Developer: George Williams
Initial release: November 7, 2000
PDB (Palm Database) is a generic database container format created by Palm, Inc. for the Palm OS platform, first appearing with the original PalmPilot in March 1996. In the ebook context, PDB files most commonly use the PalmDOC or Plucker encoding to store readable text with basic formatting. The format consists of a 78-byte header identifying the database name, creation date, and record count, followed by a record index table and the data records themselves.
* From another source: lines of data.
definition composant :: "'a topology \<Rightarrow> 'a \<Rightarrow> 'a set" where
  "composant X x = \<Union>{M. subcontinuum X M \<and> x \<in> M \<and> M \<noteq> topspace X}"

lemma composant_subset_topspace: "composant X x \<subseteq> topspace X"
  by (auto simp: composant_def subcontinuum_def)

lemma kappa_subset_topspace: "kappa X x p \<subseteq> topspace X"
  by (auto simp: kappa_def subcontinuum_def)

lemma kappa_eq_composant:
  assumes "p \<notin> composant X x"
  shows "kappa X x p = composant X x"
  using assms unfolding kappa_def composant_def by blast

lemma composant_meets_open:
  assumes X: "continuum X" and "x \<in> topspace X" "openin X V" "V \<noteq> {}"
  shows "composant X x \<inter> V \<noteq> {}"
proof -
  obtain y where "y \<in> V" "y \<noteq> x"
    using continuum_open_nondegenerate[OF X assms(3,4)] by blast
  then obtain M where "subcontinuum X M" "x \<in> M" "M \<noteq> topspace X" "M \<inter> V \<noteq> {}"
    using proper_subcontinuum_meets_open X assms(2,3) unfolding continuum_def by metis
  then show ?thesis
    unfolding composant_def by blast
qed

lemma dense_in_composant:
  assumes "continuum X" "x \<in> topspace X"
  shows "dense_in X (composant X x)"
  using composant_meets_open[OF assms] composant_subset_topspace
  by (simp add: dense_in_def dense_intersects_open)

lemma in_composant_self:
  assumes "continuum X" "x \<in> topspace X"
  shows "x \<in> composant X x"
  using composant_meets_open[OF assms openin_topspace] assms(2)
  unfolding composant_def by blast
PalmDOC-encoded PDB files use a simple LZ77-based compression scheme to pack plain text efficiently, while Plucker extends this with HTML rendering, image support, and hyperlink navigation. PDB ebooks powered a thriving mobile reading ecosystem years before dedicated e-readers existed — millions of Palm OS users carried entire libraries on devices like the Palm V, Tungsten, and Treo handhelds. A primary advantage is extreme simplicity: the flat record structure and minimal overhead mean PDB files parse instantly even on severely constrained hardware with limited memory and processing power. The open, well-documented structure is another strength, having spawned numerous reader applications across Palm OS, Windows, and later mobile platforms. Though the Palm platform is long discontinued, PDB ebooks remain accessible through conversion tools and readers like Calibre, and the format holds historical significance as one of the earliest practical mobile ebook solutions.
Developer: Palm, Inc.
Initial release: March 1996

Frequently Asked Questions

Why convert SFD to PDB?

PDB is the Palm OS database container used for images and data on Palm devices. Use it for font glyph images targeting retro handheld applications.

How do I open a PDB file?

PDB image files open in Palm OS emulators like POSE and in ImageMagick. Dedicated retro computing tools also support the format.

Is PDB only for Palm OS?

The PDB image format is specific to Palm OS. For modern use, consider PNG or WEBP — more practical for current mobile platforms.

Does PDB support color?

PDB images support various color depths depending on the target Palm device generation — from monochrome to 16-bit color.

Is the conversion free?

Convertio provides free SFD to PDB conversion online — no registration, no software download.